After our hands are done manipulating the dough, one of the ultimate judges – that decides how well our baking creations turned out – is texture. Lin et al. evaluated the chewiness and hardness of their whole wheat concoctions, determining that more finely ground whole wheat flour produced airier, softer breads with good height and porous crumb structure (Fig 1). The fine ground loaf also had the thinnest cell wall and largest cell size, which explains the more open texture of the loaves, the authors stated. Coarse whole wheat grains produced a denser crumb structure with the thickest cell walls, smallest cell size and hardest crust (measured at 16.2 Newtons, or the weight of 16 Snickers bars pushing down on your hand). Notably the mouthfeel of the bread (oh, to have that job) was correlated with cell size and morphology; the thinner cell walls produced a “softer and more elastic texture than the coarser, thicker walled structure.”

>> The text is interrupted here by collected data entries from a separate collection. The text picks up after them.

(* Let $p,q\in(0,\infty]$ with $\min\{p,q\}<\infty$. Then the embedding operator $I\colon\ell^{p,q}\to c_0$ is maximally non-compact, i.e. $\alpha(I)=\|I\|$.
   Context: For a scalar sequence $a=(a_n)$, its decreasing rearrangement is $a^*_n=\inf\{\omega>0:\#\{k:|a_k|>\omega\}\le n-1\}$. For $p,q\in(0,\infty]$, the Lorentz sequence space $\ell^{p,q}$ consists of all sequences $a$ with $\|a\|_{p,q}<\infty$, where $\|a\|_{p,q}=\big(\sum_{n=1}^\infty (a_n^* )^q n^{q/p-1}\big)^{1/q}$ if $q<\infty$, and $\|a\|_{p,\infty}=\sup_{n}n^{1/p}a_n^*$; convention $1/\infty=0$. $c_0$ is the space of sequences converging to $0$ with the sup norm. For a bounded map $T\colon X\to Y$ with closed unit balls $B_X,B_Y$, the ball measure of non-compactness is $\alpha(T)=\inf\{r>0:\ T(B_X)\subset\bigcup_{i=1}^m (y_i+rB_Y)\text{ for some } m\in\mathbb{N},\ y_i\in Y\}$, $\|T\|=\sup_{x\in B_X}\|Tx\|$, and $T$ is maximally non-compact if $\alpha(T)=\|T\|$. *)

theory Defs
  imports "HOL-Analysis.Analysis"
begin

text \<open>Scalar sequences are real sequences indexed from 0; the paper's index n \<ge> 1
  corresponds to position n - 1. Exponents p, q range over (0, \<infinity>] as ennreal.\<close>

text \<open>Positive power of an extended nonnegative real (only used with exponent r > 0).\<close>
definition epow :: "ennreal \<Rightarrow> real \<Rightarrow> ennreal" where
  "epow x r = (if x = \<infinity> then (if r > 0 then \<infinity> else if r = 0 then 1 else 0)
               else ennreal (enn2real x powr r))"

definition einv :: "ennreal \<Rightarrow> real" where
  "einv p = (if p = \<infinity> then 0 else 1 / enn2real p)"

text \<open>Decreasing rearrangement a*_n for n \<ge> 1 (value in [0,\<infinity>]; inf of the empty set is \<infinity>).
  #{k. |a_k| > w} \<le> n-1 requires in particular that this set is finite.\<close>
definition drear :: "(nat \<Rightarrow> real) \<Rightarrow> nat \<Rightarrow> ennreal" where
  "drear a n = Inf {w::ennreal. w > 0 \<and> finite {k. ennreal \<bar>a k\<bar> > w}
                    \<and> card {k. ennreal \<bar>a k\<bar> > w} \<le> n - 1}"

definition lorentz_norm :: "ennreal \<Rightarrow> ennreal \<Rightarrow> (nat \<Rightarrow> real) \<Rightarrow> ennreal" where
  "lorentz_norm p q a =
     (if q = \<infinity> then (SUP n\<in>{1::nat..}. ennreal (real n powr einv p) * drear a n)
      else epow (\<Sum>n. epow (drear a (Suc n)) (enn2real q)
                        * ennreal (real (Suc n) powr (enn2real q * einv p - 1)))
                (1 / enn2real q))"

definition lorentz_space :: "ennreal \<Rightarrow> ennreal \<Rightarrow> (nat \<Rightarrow> real) set" where
  "lorentz_space p q = {a. lorentz_norm p q a < \<infinity>}"

definition lorentz_ball :: "ennreal \<Rightarrow> ennreal \<Rightarrow> (nat \<Rightarrow> real) set" where
  "lorentz_ball p q = {a. lorentz_norm p q a \<le> 1}"

definition c0 :: "(nat \<Rightarrow> real) set" where
  "c0 = {a. a \<longlonglongrightarrow> 0}"

definition sup_norm :: "(nat \<Rightarrow> real) \<Rightarrow> ennreal" where
  "sup_norm a = (SUP n. ennreal \<bar>a n\<bar>)"

text \<open>Operator norm of a map T from the unit ball BX into c0 (sup norm).\<close>
definition op_norm :: "(nat \<Rightarrow> real) set \<Rightarrow> ((nat \<Rightarrow> real) \<Rightarrow> (nat \<Rightarrow> real)) \<Rightarrow> ennreal" where
  "op_norm BX T = (SUP x\<in>BX. sup_norm (T x))"

text \<open>Ball measure of non-compactness of T with domain unit ball BX, target c0.\<close>
definition ball_mnc :: "(nat \<Rightarrow> real) set \<Rightarrow> ((nat \<Rightarrow> real) \<Rightarrow> (nat \<Rightarrow> real)) \<Rightarrow> ennreal" where
  "ball_mnc BX T = Inf {ennreal r | r. r > 0 \<and>
     (\<exists>Y. finite Y \<and> Y \<noteq> {} \<and> Y \<subseteq> c0 \<and>
        T ` BX \<subseteq> (\<Union>y\<in>Y. {(\<lambda>n. y n + z n) | z. z \<in> c0 \<and> sup_norm z \<le> ennreal r}))}"

end

theory Submission
  imports Defs
begin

The scientists then looked at how much starch one can digest from the whole wheat breads of various particle sizes using a three-phrase oral-gastro-intestinal in vitro starch digestion experiment. They added pieces of bread sequentially to enzyme-fluid mixtures representing saliva, stomach acid and intestinal fluid. These representative fluids contained starch-degrading enzymes like α-amylase and amyloglucosidase and protein-degrading enzymes like pepsin and trypsin. As starch is a long carbohydrate chain made up of glucose sugars, the scientists could determine the rate of starch digestion by monitoring the increase in sugar concentration over time. They found that the rate of digestion for coarse and medium grain whole wheat loaves was lower than the standard white loaf, but the finely ground whole wheat loaf was digested slightly faster than the control (Fig 2A).

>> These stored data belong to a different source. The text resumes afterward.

lemma G_shift: "G \<tau> x' t = G \<tau> x t + (x' - x) * integral {0..\<tau>} (\<lambda>\<eta>. rhob \<eta> * ub \<eta>)"
proof -
  have "G \<tau> x' t = integral {0..\<tau>}
          (\<lambda>\<eta>. (x - ub \<eta> * (t - \<eta>)) * rhob \<eta> * ub \<eta> + (x' - x) * (rhob \<eta> * ub \<eta>))"
    unfolding G_eq_integral by (rule integral_cong) (simp add: algebra_simps)
  also have "\<dots> = G \<tau> x t + (x' - x) * integral {0..\<tau>} (\<lambda>\<eta>. rhob \<eta> * ub \<eta>)"
    unfolding G_eq_integral by (subst integral_add)
      (auto intro!: loc_bounded_measurable_integrable_on loc_bounded_measurable_intros ub rhob)
  finally show ?thesis .
qed

lemma Fargmin_eq: "Fargmin u0 rho0 x t = nonneg_minimizers (\<lambda>y. F y x t)"
  by (simp add: Fargmin_def nonneg_minimizers_def)

lemma Gargmin_eq: "Gargmin ub rhob x t = nonneg_minimizers (\<lambda>\<tau>. G \<tau> x t)"
  by (simp add: Gargmin_def nonneg_minimizers_def)

lemma Fargmin_nonempty_bounded:
  assumes "0 \<le> t"
  obtains M where "Fargmin u0 rho0 x t \<noteq> {}" "Fargmin u0 rho0 x t \<subseteq> {0..M}"
proof -
  obtain B where B: "\<And>\<eta>. 0 \<le> \<eta> \<Longrightarrow> \<bar>u0 \<eta>\<bar> \<le> B"
    using u0_bdd by (metis atLeast_iff bounded_iff imageI real_norm_def)
  define M where "M = max 0 (x + t * B + 1)"
  have integrand_pos: "0 < (t * u0 \<eta> + \<eta> - x) * rho0 \<eta>" if "M \<le> \<eta>" for \<eta>
  proof -
    have "0 \<le> \<eta>" "x + t * B + 1 \<le> \<eta>" using that by (auto simp: M_def)
    moreover have "- B \<le> u0 \<eta>" using B[OF \<open>0 \<le> \<eta>\<close>] by linarith
    then have "- (t * B) \<le> t * u0 \<eta>" using mult_left_mono[OF _ assms] by fastforce
    ultimately show ?thesis using rho0_pos by simp
  qed
  have integrable: "loc_bounded_measurable (\<lambda>\<eta>. (t * u0 \<eta> + \<eta> - x) * rho0 \<eta>)"
    by (intro loc_bounded_measurable_intros u0 rho0)
  have "continuous_on {0..M} (\<lambda>y. F y x t)"
    unfolding F_eq_integral by (rule continuous_on_indefinite_integral[OF integrable])
  moreover have "F M x t < F y x t" if "M < y" for y
    unfolding F_eq_integral using that integrand_pos
    by (intro indefinite_integral_less[OF integrable]) (auto simp: M_def less_imp_le)
  ultimately have "nonneg_minimizers (\<lambda>y. F y x t) \<noteq> {}" "nonneg_minimizers (\<lambda>y. F y x t) \<subseteq> {0..M}"
    using nonneg_minimizers_nonempty_bounded[of M] by (simp_all add: M_def)
  then show thesis using that by (simp add: Fargmin_eq)
qed

lemma Gargmin_nonempty_bounded:
  assumes "0 \<le> x" "0 \<le> t"
  shows "Gargmin ub rhob x t \<noteq> {}" "Gargmin ub rhob x t \<subseteq> {0..t}"
proof -
  have integrable: "loc_bounded_measurable (\<lambda>\<eta>. (x - ub \<eta> * (t - \<eta>)) * rhob \<eta> * ub \<eta>)"
    by (intro loc_bounded_measurable_intros ub rhob)
  have "continuous_on {0..t} (\<lambda>\<tau>. G \<tau> x t)"
    unfolding G_eq_integral by (rule continuous_on_indefinite_integral[OF integrable])
  moreover have "G t x t < G \<tau> x t" if "t < \<tau>" for \<tau>
    unfolding G_eq_integral
  proof (rule indefinite_integral_less[OF integrable])
    fix \<eta> assume "\<eta> \<in> {t..\<tau>}"
    then have "ub \<eta> * (t - \<eta>) \<le> 0" "0 \<le> \<eta>"
      using ub_pos[of \<eta>] assms by (auto simp: mult_nonneg_nonpos)
    then show "0 \<le> (x - ub \<eta> * (t - \<eta>)) * rhob \<eta> * ub \<eta>"
      using assms ub_pos rhob_pos by (simp add: less_imp_le)
  next
    fix \<eta> assume "\<eta> \<in> {t<..<\<tau>}"
    then have "ub \<eta> * (t - \<eta>) < 0" "0 \<le> \<eta>"
      using ub_pos[of \<eta>] assms by (auto simp: mult_pos_neg)
    then show "0 < (x - ub \<eta> * (t - \<eta>)) * rhob \<eta> * ub \<eta>"
      using assms ub_pos rhob_pos by simp
  qed (use assms that in auto)
  ultimately have "nonneg_minimizers (\<lambda>\<tau>. G \<tau> x t) \<noteq> {}"
    "nonneg_minimizers (\<lambda>\<tau>. G \<tau> x t) \<subseteq> {0..t}"
    using nonneg_minimizers_nonempty_bounded[of t] assms by simp_all
  then show "Gargmin ub rhob x t \<noteq> {}" "Gargmin ub rhob x t \<subseteq> {0..t}"
    by (simp_all add: Gargmin_eq)
qed

lemma Fmin_antimono:
  assumes "x \<le> x'" "0 \<le> t"
  shows "Fmin u0 rho0 x' t \<le> Fmin u0 rho0 x t"
proof -
  obtain p q where "p \<in> nonneg_minimizers (\<lambda>y. F y x t)" "q \<in> nonneg_minimizers (\<lambda>y. F y x' t)"
    using Fargmin_nonempty_bounded[OF assms(2)] by (metis Fargmin_eq ex_in_conv)
  moreover have "F y x' t \<le> F y x t" if "0 \<le> y" for y
  proof -
    have "0 \<le> integral {0..y} rho0"
      using rho0 rho0_pos by (intro integral_nonneg loc_bounded_measurable_integrable_on)
        (auto simp: less_imp_le)
    then show ?thesis using assms(1) by (simp add: F_shift[of y x' t x])
  qed
  ultimately show ?thesis
    unfolding Fmin_def by (intro Inf_image_nonneg_mono)
qed

lemma Gmin_0_less:
  assumes "0 < x" "0 < t"
  shows "Gmin ub rhob 0 t < Gmin ub rhob x t"
proof -
  let ?h = "\<lambda>\<eta>. rhob \<eta> * ub \<eta>"
  have h: "loc_bounded_measurable ?h" by (intro loc_bounded_measurable_intros ub rhob)
  have h_pos: "0 < ?h \<eta>" if "0 \<le> \<eta>" for \<eta> using that ub_pos rhob_pos by simp
  obtain p q where "p \<in> nonneg_minimizers (\<lambda>\<tau>. G \<tau> 0 t)" "q \<in> nonneg_minimizers (\<lambda>\<tau>. G \<tau> x t)"
    using Gargmin_nonempty_bounded(1) assms by (metis Gargmin_eq ex_in_conv less_imp_le order_refl)
  moreover have "0 < x * integral {0..\<tau>} ?h" if "0 < \<tau>" for \<tau>
    using indefinite_integral_less[OF h order_refl that] h_pos assms(1) by (simp add: less_imp_le)
  moreover have "G t 0 t < G 0 0 t"
  proof -
    let ?k = "\<lambda>\<eta>. ub \<eta> * (t - \<eta>) * rhob \<eta> * ub \<eta>"
    have "0 < integral {0..t} ?k"
    proof (rule integral_pos_real)
      show "integrable (lebesgue_on {0..t}) ?k"
        by (intro loc_bounded_measurable_integrable loc_bounded_measurable_intros ub rhob) simp
    qed (use assms ub_pos rhob_pos in \<open>auto intro!: mult_nonneg_nonneg simp: less_imp_le\<close>)
    moreover have "G t 0 t = integral {0..t} (\<lambda>\<eta>. - ?k \<eta>)"
      unfolding G_eq_integral by (rule integral_cong) simp
    ultimately show ?thesis by (simp add: G_eq_integral)
  qed
  ultimately show ?thesis
    unfolding Gmin_def using G_shift[of _ x t 0] assms
    by (intro Inf_image_nonneg_less[where \<psi> = "\<lambda>\<tau>. x * integral {0..\<tau>} ?h" and s = t]) simp_all
qed

lemma Fargmin_le:
  assumes "x < x'" "p \<in> Fargmin u0 rho0 x t" "q \<in> Fargmin u0 rho0 x' t"
  shows "p \<le> q"
proof (rule nonneg_minimizers_le)
  show "F y x' t = F y x t - (x' - x) * integral {0..y} rho0" for y
    by (rule F_shift)
  show "strict_mono_on {0..} (\<lambda>y. (x' - x) * integral {0..y} rho0)"
  proof (rule strict_mono_onI)
    fix a b :: real assume "a \<in> {0..}" "a < b"
    then have "integral {0..a} rho0 < integral {0..b} rho0"
      using rho0_pos by (intro indefinite_integral_less[OF rho0]) (auto simp: less_imp_le)
    then show "(x' - x) * integral {0..a} rho0 < (x' - x) * integral {0..b} rho0"
      using assms(1) by simp
  qed
qed (use assms in \<open>simp_all add: Fargmin_eq\<close>)

lemma y_up_nonneg: "0 \<le> t \<Longrightarrow> 0 \<le> y_up u0 rho0 x t"
  by (metis Fargmin_nonempty_bounded Inf_Sup_bounds_Icc order_trans y_up_def)

lemma y_low_le_y_up: "0 \<le> t \<Longrightarrow> y_low u0 rho0 x t \<le> y_up u0 rho0 x t"
  by (metis Fargmin_nonempty_bounded Inf_Sup_bounds_Icc(2) y_low_def y_up_def)

lemma tau_up_le: "0 \<le> x \<Longrightarrow> 0 \<le> t \<Longrightarrow> tau_up ub rhob x t \<le> t"
  by (metis Gargmin_nonempty_bounded Inf_Sup_bounds_Icc(3) tau_up_def)

lemma y_up_le_y_low:
  assumes "x < x'" "0 \<le> t"
  shows "y_up u0 rho0 x t \<le> y_low u0 rho0 x' t"
proof -
  have "Fargmin u0 rho0 x t \<noteq> {}" "Fargmin u0 rho0 x' t \<noteq> {}"
    using Fargmin_nonempty_bounded[OF assms(2)] by metis+
  then show ?thesis
    unfolding y_up_def y_low_def using Fargmin_le[OF assms(1)] by (intro cSup_least cInf_greatest)
qed

end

However, when comparing three bread bolus samples, or digested morsels, each with different particle sizes (Fig 2B), Lin et al. found inconsistent results. There was no significant difference in total sugar concentration (Fig 2C, where C∞ is total glucose concentration) or rate of digestion (Fig 2D, where k is the rate of digestion) between the three bolus samples. The team expected the black, blue and white bars in Fig 2C and 2D, representing bolus F1, F2 and F3 respectively, to have different digestion rates. This is because each bolus had different surface area, and therefore the area of interaction between digestion enzymes and the starch molecules are markedly different. Lin et al. mentioned that this was a phenomenon seen with other grain-based products like pasta and rice. Compared to the microstructures of the former grain-based foods, the authors noted, breads are more porous and open, creating a more consistent area of interaction between enzymes and starch that could explain the discrepancy.

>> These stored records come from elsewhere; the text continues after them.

(* Let $B$ be a minimum-weight basis of the weighted uncertainty matroid $\mathcal{M}=(E,\mathcal{I},A,w)$ and let $Q$ be a certificate that verifies $B$. Let $e\in B$ and $e'\notin B$ with $U_e=U_{e'}=w_e=w_{e'}$ be such that $e\in C_{e'}$, where $C_{e'}$ is the fundamental circuit of $e'$ with respect to $B$. Then $Q'=(Q\setminus\{e'\})\cup\{e\}$ is a certificate that verifies $B'=(B\setminus\{e\})\cup\{e'\}$.
   Context: A weighted uncertainty matroid $\mathcal{M}=(E,\mathcal{I},A,w)$ consists of a matroid $M=(E,\mathcal{I})$ on a finite set $E$, for each $e\in E$ a non-empty finite union $A_e$ of bounded real intervals (each open or closed), and a weight $w_e\in A_e$. Let $L_e=\inf A_e$, $U_e=\sup A_e$. A minimum-weight basis is a basis of $M$ minimizing the sum of weights. A weight assignment is $w^*:E\to\mathbb{R}$ with $w^*_e\in A_e$, consistent with $Q$ if $w^*_e=w_e$ for $e\in Q$. $Q$ verifies a basis $B$ (is a certificate for $B$) if for every weight assignment consistent with $Q$, $B$ is a minimum-weight basis with respect to it. For a basis $B$ and $f\notin B$, the fundamental circuit of $f$ is the unique circuit contained in $B\cup\{f\}$. *)

theory Defs
  imports Complex_Main
begin

definition matroid :: "'a set \<Rightarrow> ('a set \<Rightarrow> bool) \<Rightarrow> bool" where
  "matroid E indep \<longleftrightarrow>
     finite E \<and> indep {} \<and> (\<forall>X. indep X \<longrightarrow> X \<subseteq> E) \<and>
     (\<forall>X Y. indep X \<and> Y \<subseteq> X \<longrightarrow> indep Y) \<and>
     (\<forall>X Y. indep X \<and> indep Y \<and> card X < card Y \<longrightarrow> (\<exists>y\<in>Y - X. indep (insert y X)))"

definition basis :: "('a set \<Rightarrow> bool) \<Rightarrow> 'a set \<Rightarrow> bool" where
  "basis indep B \<longleftrightarrow> indep B \<and> (\<forall>X. indep X \<and> B \<subseteq> X \<longrightarrow> X = B)"

definition circuit :: "'a set \<Rightarrow> ('a set \<Rightarrow> bool) \<Rightarrow> 'a set \<Rightarrow> bool" where
  "circuit E indep C \<longleftrightarrow> C \<subseteq> E \<and> \<not> indep C \<and> (\<forall>D. D \<subset> C \<longrightarrow> indep D)"

definition fundamental_circuit :: "'a set \<Rightarrow> ('a set \<Rightarrow> bool) \<Rightarrow> 'a set \<Rightarrow> 'a \<Rightarrow> 'a set" where
  "fundamental_circuit E indep B f = (THE C. circuit E indep C \<and> C \<subseteq> B \<union> {f})"

definition bounded_interval :: "real set \<Rightarrow> bool" where
  "bounded_interval J \<longleftrightarrow> (\<exists>a b. (a \<le> b \<and> J = {a..b}) \<or> (a < b \<and> J = {a<..<b}))"

definition uncertainty_area :: "real set \<Rightarrow> bool" where
  "uncertainty_area S \<longleftrightarrow>
     (\<exists>I. finite I \<and> I \<noteq> {} \<and> (\<forall>J\<in>I. bounded_interval J) \<and> S = \<Union>I)"

definition uncertainty_matroid ::
  "'a set \<Rightarrow> ('a set \<Rightarrow> bool) \<Rightarrow> ('a \<Rightarrow> real set) \<Rightarrow> ('a \<Rightarrow> real) \<Rightarrow> bool" where
  "uncertainty_matroid E indep A w \<longleftrightarrow>
     matroid E indep \<and> (\<forall>e\<in>E. uncertainty_area (A e) \<and> w e \<in> A e)"

definition lower :: "('a \<Rightarrow> real set) \<Rightarrow> 'a \<Rightarrow> real" where
  "lower A e = Inf (A e)"

definition upper :: "('a \<Rightarrow> real set) \<Rightarrow> 'a \<Rightarrow> real" where
  "upper A e = Sup (A e)"

definition min_weight_basis :: "('a set \<Rightarrow> bool) \<Rightarrow> ('a \<Rightarrow> real) \<Rightarrow> 'a set \<Rightarrow> bool" where
  "min_weight_basis indep c B \<longleftrightarrow>
     basis indep B \<and> (\<forall>B'. basis indep B' \<longrightarrow> sum c B \<le> sum c B')"

definition consistent_assignment ::
  "'a set \<Rightarrow> ('a \<Rightarrow> real set) \<Rightarrow> ('a \<Rightarrow> real) \<Rightarrow> 'a set \<Rightarrow> ('a \<Rightarrow> real) \<Rightarrow> bool" where
  "consistent_assignment E A w Q w' \<longleftrightarrow> (\<forall>e\<in>E. w' e \<in> A e) \<and> (\<forall>e\<in>Q. w' e = w e)"

definition verifies ::
  "'a set \<Rightarrow> ('a set \<Rightarrow> bool) \<Rightarrow> ('a \<Rightarrow> real set) \<Rightarrow> ('a \<Rightarrow> real) \<Rightarrow> 'a set \<Rightarrow> 'a set \<Rightarrow> bool" where
  "verifies E indep A w Q B \<longleftrightarrow>
     Q \<subseteq> E \<and> (\<forall>w'. consistent_assignment E A w Q w' \<longrightarrow> min_weight_basis indep w' B)"

end

theory Submission
  imports Defs
begin

text \<open>Given weights \<open>w'\<close> consistent with \<open>Q'\<close>, reset the weight of \<open>e'\<close> to its true value
  \<open>w e'\<close>. The resulting weights are consistent with \<open>Q\<close>, so \<open>B\<close> is a minimum-weight basis for
  them, and so is \<open>B'\<close>: it is a basis by the fundamental-circuit exchange, and it has the same
  weight because \<open>e\<close> is queried in \<open>Q'\<close> and \<open>w e = w e'\<close>. Finally \<open>w' e' \<le> upper A e' = w e'\<close>, so
  passing back to \<open>w'\<close> only lowers the weight of the element \<open>e'\<close> of \<open>B'\<close>, which keeps \<open>B'\<close>
  minimum.\<close>

lemma sum_fun_upd:
  fixes c :: "'a \<Rightarrow> 'b::ab_group_add"
  assumes "finite X"
  shows "sum (c(x := v)) X = sum c X + (if x \<in> X then v - c x else 0)"
  using assms by (simp add: sum.If_cases if_distrib[of "\<lambda>g. g _"] Diff_eq[symmetric] sum_diff1)

context
  fixes E :: "'a set" and indep :: "'a set \<Rightarrow> bool"
  assumes matroid: "matroid E indep"
begin

lemma indep_subset: "indep X \<Longrightarrow> Y \<subseteq> X \<Longrightarrow> indep Y"
  using matroid unfolding matroid_def by blast

lemma indep_subset_carrier: "indep X \<Longrightarrow> X \<subseteq> E"
  using matroid unfolding matroid_def by blast

lemma indep_finite: "indep X \<Longrightarrow> finite X"
  using matroid unfolding matroid_def by (meson finite_subset)

lemma indep_augment:
  "indep X \<Longrightarrow> indep Y \<Longrightarrow> card X < card Y \<Longrightarrow> \<exists>y\<in>Y - X. indep (insert y X)"
  using matroid unfolding matroid_def by blast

Overall, Zhou and his team probed the inner workings on the whole wheat loaf, characterizing the effect of flour particle sizes on various bread properties. Their results showed that to produce the most aesthetically pleasing whole wheat bread, using finely ground flour gives the desirable airy, open crumb structure, good height and most pleasing mouthfeel of their three options. Their research may have a profound impact to how whole wheat breads are baked – potentially resulting in flavorful baking creations that would make even Paul Hollywood proud.